Something that a lot of people fail to grasp is that in the majority of cases, it takes a little bit of time before you can join the legal, transferable machinegun owners club. Although as soon as you turn 21, you legally can, the vast majority of 21 year olds don't have the disposable income to buy in.
By the time most of us (who are not trust fund babies) have the cash available to buy transferables, we have matured enough as shooters to not behave at ranges like the majority of kids in their 20s do. The kind of behaviour that makes you pack up your stuff and move as far away from them as possible so you don't accidentally get shot by one as they laugh and spray the berms with uncontrolled hipfire.

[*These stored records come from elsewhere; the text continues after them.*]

(* Let $X$ be a $T_1$ space with countable extent and $|X|<\mathfrak{b}$. Then $X$ is absolutely strongly star-Menger if and only if $X$ is selectively $(a)$.
   Context: All spaces are regular. $St(A,\mathcal{U})=\bigcup\{U\in\mathcal{U}:U\cap A\neq\emptyset\}$. $\mathfrak{b}$ is the bounding number. $X$ has countable extent if every closed discrete subset is countable. $X$ is absolutely strongly star-Menger if for every sequence $(\mathcal{U}_n:n\in\omega)$ of open covers and every dense $D\subseteq X$ there are finite $F_n\subseteq D$ with $\{St(F_n,\mathcal{U}_n):n\in\omega\}$ covering $X$. $X$ is selectively $(a)$ if for every sequence $(\mathcal{U}_n)$ of open covers and every dense $D\subseteq X$ there are $C_n\subseteq D$, closed and discrete in $X$, with $\{St(C_n,\mathcal{U}_n):n\in\omega\}$ covering $X$. *)

theory Defs
  imports "HOL-Analysis.Analysis"
begin

definition star_of :: "'a set \<Rightarrow> 'a set set \<Rightarrow> 'a set" where
  "star_of A \<U> = \<Union>{U \<in> \<U>. U \<inter> A \<noteq> {}}"

definition open_cover :: "'a topology \<Rightarrow> 'a set set \<Rightarrow> bool" where
  "open_cover X \<U> \<longleftrightarrow> (\<forall>U\<in>\<U>. openin X U) \<and> topspace X \<subseteq> \<Union>\<U>"

definition dense_in :: "'a topology \<Rightarrow> 'a set \<Rightarrow> bool" where
  "dense_in X D \<longleftrightarrow> D \<subseteq> topspace X \<and> X closure_of D = topspace X"

definition closed_discrete :: "'a topology \<Rightarrow> 'a set \<Rightarrow> bool" where
  "closed_discrete X C \<longleftrightarrow> closedin X C \<and> subtopology X C = discrete_topology C"

definition countable_extent :: "'a topology \<Rightarrow> bool" where
  "countable_extent X \<longleftrightarrow> (\<forall>C. closed_discrete X C \<longrightarrow> countable C)"

definition abs_strongly_star_Menger :: "'a topology \<Rightarrow> bool" where
  "abs_strongly_star_Menger X \<longleftrightarrow>
    (\<forall>\<U> :: nat \<Rightarrow> 'a set set. \<forall>D. (\<forall>n. open_cover X (\<U> n)) \<and> dense_in X D \<longrightarrow>
       (\<exists>F :: nat \<Rightarrow> 'a set. (\<forall>n. finite (F n) \<and> F n \<subseteq> D) \<and>
          topspace X \<subseteq> (\<Union>n. star_of (F n) (\<U> n))))"

definition selectively_a :: "'a topology \<Rightarrow> bool" where
  "selectively_a X \<longleftrightarrow>
    (\<forall>\<U> :: nat \<Rightarrow> 'a set set. \<forall>D. (\<forall>n. open_cover X (\<U> n)) \<and> dense_in X D \<longrightarrow>
       (\<exists>C :: nat \<Rightarrow> 'a set. (\<forall>n. C n \<subseteq> D \<and> closed_discrete X (C n)) \<and>
          topspace X \<subseteq> (\<Union>n. star_of (C n) (\<U> n))))"

definition eventually_le :: "(nat \<Rightarrow> nat) \<Rightarrow> (nat \<Rightarrow> nat) \<Rightarrow> bool" where
  "eventually_le f g \<longleftrightarrow> finite {n. g n < f n}"

definition unbounded_family :: "(nat \<Rightarrow> nat) set \<Rightarrow> bool" where
  "unbounded_family F \<longleftrightarrow> \<not> (\<exists>g. \<forall>f\<in>F. eventually_le f g)"

text \<open>|A| < b: the cardinality of A is strictly below that of every unbounded family.\<close>
definition card_less_bounding :: "'a set \<Rightarrow> bool" where
  "card_less_bounding A \<longleftrightarrow>
    (\<forall>F. unbounded_family F \<longrightarrow> (card_of A, card_of F) \<in> ordLess)"

end

theory Submission
  imports Defs
begin

text \<open>Finite sets are closed and discrete in a \<open>T\<^sub>1\<close> space, so one direction is immediate.
  Conversely, splitting the sequence of covers into infinitely many subsequences, selectively
  \<open>(a)\<close> yields closed discrete sets \<open>C\<^sub>n \<subseteq> D\<close>, countable by countable extent, such that every
  point lies in \<open>St(C\<^sub>n, \<U>\<^sub>n)\<close> for infinitely many \<open>n\<close>. Enumerating each \<open>C\<^sub>n\<close>, every point
  \<open>x\<close> determines a function \<open>n \<mapsto>\<close> (first index of an element of \<open>C\<^sub>n\<close> whose star
  contains \<open>x\<close>). Fewer than \<open>\<frak>b\<close> such functions are dominated by a single \<open>g\<close>, and the
  first \<open>g n + 1\<close> elements of \<open>C\<^sub>n\<close> are the required finite sets.\<close>

lemma star_of_mono: "A \<subseteq> B \<Longrightarrow> star_of A \<U> \<subseteq> star_of B \<U>"
  unfolding star_of_def by blast

lemma star_of_countable_enum:
  assumes "countable C" "x \<in> star_of C \<U>"
  shows "\<exists>m. x \<in> star_of {from_nat_into C m} \<U>"
proof -
  obtain V c where "V \<in> \<U>" "c \<in> V" "c \<in> C" "x \<in> V"
    using assms(2) unfolding star_of_def by blast
  moreover obtain m where "c = from_nat_into C m"
    using assms(1) \<open>c \<in> C\<close> from_nat_into_surj by metis
  ultimately show ?thesis unfolding star_of_def by blast
qed

lemma t1_space_finite_imp_closed_discrete:
  assumes "t1_space X" "finite F" "F \<subseteq> topspace X"
  shows "closed_discrete X F"
proof -
  have "closedin X F" using assms t1_space_closedin_finite by blast
  moreover have "subtopology X F = discrete_topology F"
    by (rule finite_t1_space_imp_discrete_topology)
       (use assms t1_space_subtopology in auto)
  ultimately show ?thesis unfolding closed_discrete_def by blast
qed

lemma abs_strongly_star_Menger_imp_selectively_a:
  assumes "t1_space X" "abs_strongly_star_Menger X"
  shows "selectively_a X"
  unfolding selectively_a_def
proof (intro allI impI)
  fix \<U> :: "nat \<Rightarrow> 'a set set" and D
  assume covers: "(\<forall>n. open_cover X (\<U> n)) \<and> dense_in X D"
  then obtain F where F: "\<And>n. finite (F n) \<and> F n \<subseteq> D"
    and cover: "topspace X \<subseteq> (\<Union>n. star_of (F n) (\<U> n))"
    using assms(2)[unfolded abs_strongly_star_Menger_def, rule_format, OF covers] by blast
  have "D \<subseteq> topspace X" using covers unfolding dense_in_def by blast
  then have "F n \<subseteq> D \<and> closed_discrete X (F n)" for n
    using F assms(1) t1_space_finite_imp_closed_discrete by blast
  with cover show "\<exists>C. (\<forall>n. C n \<subseteq> D \<and> closed_discrete X (C n)) \<and>
      topspace X \<subseteq> (\<Union>n. star_of (C n) (\<U> n))"
    by blast
qed

lemma selectively_a_imp_frequent_selection:
  assumes "selectively_a X" "\<And>n. open_cover X (\<U> n)" "dense_in X D"
  obtains C where "\<And>n. C n \<subseteq> D \<and> closed_discrete X (C n)"
    and "\<And>x. x \<in> topspace X \<Longrightarrow> \<exists>\<^sub>F n in sequentially. x \<in> star_of (C n) (\<U> n)"
proof -
  have "\<forall>k. \<exists>Ck. (\<forall>j. Ck j \<subseteq> D \<and> closed_discrete X (Ck j)) \<and>
      topspace X \<subseteq> (\<Union>j. star_of (Ck j) (\<U> (prod_encode (k, j))))"
    using assms(1)[unfolded selectively_a_def, rule_format, of "\<lambda>j. \<U> (prod_encode (k, j))" D
        for k]
      assms(2,3) by blast
  then obtain CC where "\<forall>k. (\<forall>j. CC k j \<subseteq> D \<and> closed_discrete X (CC k j)) \<and>
      topspace X \<subseteq> (\<Union>j. star_of (CC k j) (\<U> (prod_encode (k, j))))"
    by (erule choice[THEN exE])
  then have CC: "\<And>k j. CC k j \<subseteq> D \<and> closed_discrete X (CC k j)"
    and CC_cover: "\<And>k. topspace X \<subseteq> (\<Union>j. star_of (CC k j) (\<U> (prod_encode (k, j))))"
    by blast+
  define C where "C n = case_prod CC (prod_decode n)" for n
  have C_encode: "C (prod_encode (k, j)) = CC k j" for k j
    unfolding C_def by simp
  have "\<exists>\<^sub>F n in sequentially. x \<in> star_of (C n) (\<U> n)" if x: "x \<in> topspace X" for x
    unfolding frequently_sequentially
  proof
    fix k
    obtain j where "x \<in> star_of (CC k j) (\<U> (prod_encode (k, j)))"
      using CC_cover[of k] x by blast
    then show "\<exists>n\<ge>k. x \<in> star_of (C n) (\<U> n)"
      using le_prod_encode_1[of k j] C_encode by metis
  qed
  moreover have "C n \<subseteq> D \<and> closed_discrete X (C n)" for n
    unfolding C_def using CC by (simp add: case_prod_beta)
  ultimately show ?thesis using that by blast
qed

lemma card_less_bounding_imp_dominated:
  fixes f :: "'a \<Rightarrow> nat \<Rightarrow> nat"
  assumes "card_less_bounding A"
  shows "\<exists>g. \<forall>x\<in>A. \<forall>\<^sub>F n in sequentially. f x n \<le> g n"
proof -
  have "\<not> unbounded_family (f ` A)"
  proof
    assume "unbounded_family (f ` A)"
    then have "(card_of A, card_of (f ` A)) \<in> ordLess"
      using assms unfolding card_less_bounding_def by blast
    then show False using card_of_image not_ordLess_ordLeq by blast
  qed
  then obtain g where "\<And>x. x \<in> A \<Longrightarrow> finite {n. g n < f x n}"
    unfolding unbounded_family_def eventually_le_def by blast
  then have "\<forall>x\<in>A. \<forall>\<^sub>F n in sequentially. f x n \<le> g n"
    by (simp add: cofinite_eq_sequentially[symmetric] eventually_cofinite not_le)
  then show ?thesis by blast
qed

lemma frequent_countable_selection_imp_finite_selection:
  fixes C :: "nat \<Rightarrow> 'a set"
  assumes countable: "\<And>n. countable (C n)"
    and frequent: "\<And>x. x \<in> S \<Longrightarrow> \<exists>\<^sub>F n in sequentially. x \<in> star_of (C n) (\<U> n)"
    and dominated: "\<And>f :: 'a \<Rightarrow> nat \<Rightarrow> nat.
      \<exists>g. \<forall>x\<in>S. \<forall>\<^sub>F n in sequentially. f x n \<le> g n"
  shows "\<exists>F. (\<forall>n. finite (F n) \<and> F n \<subseteq> C n) \<and> S \<subseteq> (\<Union>n. star_of (F n) (\<U> n))"
proof -
  define e where "e n = from_nat_into (C n)" for n
  define first where "first x n = (LEAST m. x \<in> star_of {e n m} (\<U> n))" for x n
  obtain g where g: "\<And>x. x \<in> S \<Longrightarrow> \<forall>\<^sub>F n in sequentially. first x n \<le> g n"
    using dominated[of first] by blast
  \<comment> \<open>\<open>from_nat_into {}\<close> is an arbitrary value, hence the case split.\<close>
  define F where "F n = (if C n = {} then {} else e n ` {..g n})" for n
  have "finite (F n) \<and> F n \<subseteq> C n" for n
    by (cases "C n = {}") (simp_all add: F_def e_def image_subset_iff from_nat_into)
  moreover have "x \<in> (\<Union>n. star_of (F n) (\<U> n))" if "x \<in> S" for x
  proof -
    have "\<forall>\<^sub>F n in sequentially.
        x \<in> star_of (C n) (\<U> n) \<longrightarrow> x \<in> star_of (C n) (\<U> n) \<and> first x n \<le> g n"
      using g[OF that] by (rule eventually_mono) simp
    with frequent[OF that]
    have "\<exists>\<^sub>F n in sequentially. x \<in> star_of (C n) (\<U> n) \<and> first x n \<le> g n"
      by (rule frequently_rev_mp)
    then obtain n where star: "x \<in> star_of (C n) (\<U> n)" and le: "first x n \<le> g n"
      using frequently_ex by blast
    have "C n \<noteq> {}" using star unfolding star_of_def by blast
    have first: "x \<in> star_of {e n (first x n)} (\<U> n)"
      using star_of_countable_enum[OF countable star] unfolding first_def e_def by (rule LeastI_ex)
    have "{e n (first x n)} \<subseteq> F n"
      using le \<open>C n \<noteq> {}\<close> unfolding F_def by simp
    then have "x \<in> star_of (F n) (\<U> n)"
      using first star_of_mono by blast
    then show ?thesis by (rule UN_I[rotated]) simp
  qed
  ultimately show ?thesis by (intro exI[of _ F] conjI allI subsetI) blast+
qed

lemma selectively_a_imp_abs_strongly_star_Menger:
  assumes "countable_extent X" "card_less_bounding (topspace X)" "selectively_a X"
  shows "abs_strongly_star_Menger X"
  unfolding abs_strongly_star_Menger_def
proof (intro allI impI)
  fix \<U> :: "nat \<Rightarrow> 'a set set" and D
  assume "(\<forall>n. open_cover X (\<U> n)) \<and> dense_in X D"
  then obtain C where C: "\<And>n. C n \<subseteq> D \<and> closed_discrete X (C n)"
    and frequent: "\<And>x. x \<in> topspace X \<Longrightarrow> \<exists>\<^sub>F n in sequentially. x \<in> star_of (C n) (\<U> n)"
    using selectively_a_imp_frequent_selection[OF assms(3)] by blast
  have countable: "countable (C n)" for n
    using C assms(1) unfolding countable_extent_def by blast
  have dominated: "\<exists>g. \<forall>x\<in>topspace X. \<forall>\<^sub>F n in sequentially. f x n \<le> g n"
    for f :: "'a \<Rightarrow> nat \<Rightarrow> nat"
    by (rule card_less_bounding_imp_dominated[OF assms(2)])
  obtain F where F: "\<forall>n. finite (F n) \<and> F n \<subseteq> C n"
    and cover: "topspace X \<subseteq> (\<Union>n. star_of (F n) (\<U> n))"
    using frequent_countable_selection_imp_finite_selection[OF countable frequent dominated]
    by blast
  have "finite (F n) \<and> F n \<subseteq> D" for n
    using F C by blast
  with cover show "\<exists>F. (\<forall>n. finite (F n) \<and> F n \<subseteq> D) \<and>
      topspace X \<subseteq> (\<Union>n. star_of (F n) (\<U> n))"
    by blast
qed

theorem mainTheorem18:
  fixes X :: "'a topology"
  assumes "regular_space X"
    and "t1_space X"
    and "countable_extent X"
    and "card_less_bounding (topspace X)"
  shows "abs_strongly_star_Menger X \<longleftrightarrow> selectively_a X"
  using abs_strongly_star_Menger_imp_selectively_a[OF assms(2)]
    selectively_a_imp_abs_strongly_star_Menger[OF assms(3,4)] by blast

end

Today, you can pick up a basic, low budget AR for under $500, and a FRT for what, $150? This is well within the budget of the average high school dropout. And these kids were bad enough when you encountered them at the range when they were shooting semi-auto. They are going to be intolerable doing mag dumps with their new FRTs in-between hits on the vape full of weed.
This behaviour will be noticed and soon enough it will be impossible to find a range that allows FA fire, specifically because of kids and their FRTs.
And the states will not differentiate between "real" registered MGs and FRTs. They will lump them in together because the state level lawmakers and lawyers don't know the difference, nor do they care. So the kids and their "loophole" devices are most certainly going to not only give "real" MG owners a bad reputation, but they are going to bring down a lot of bans on us too.
Guaranteed.
And that whole "common use" argument is as useless and the stack of law cases that "sovereign citizens" try to use to get out of traffic violations.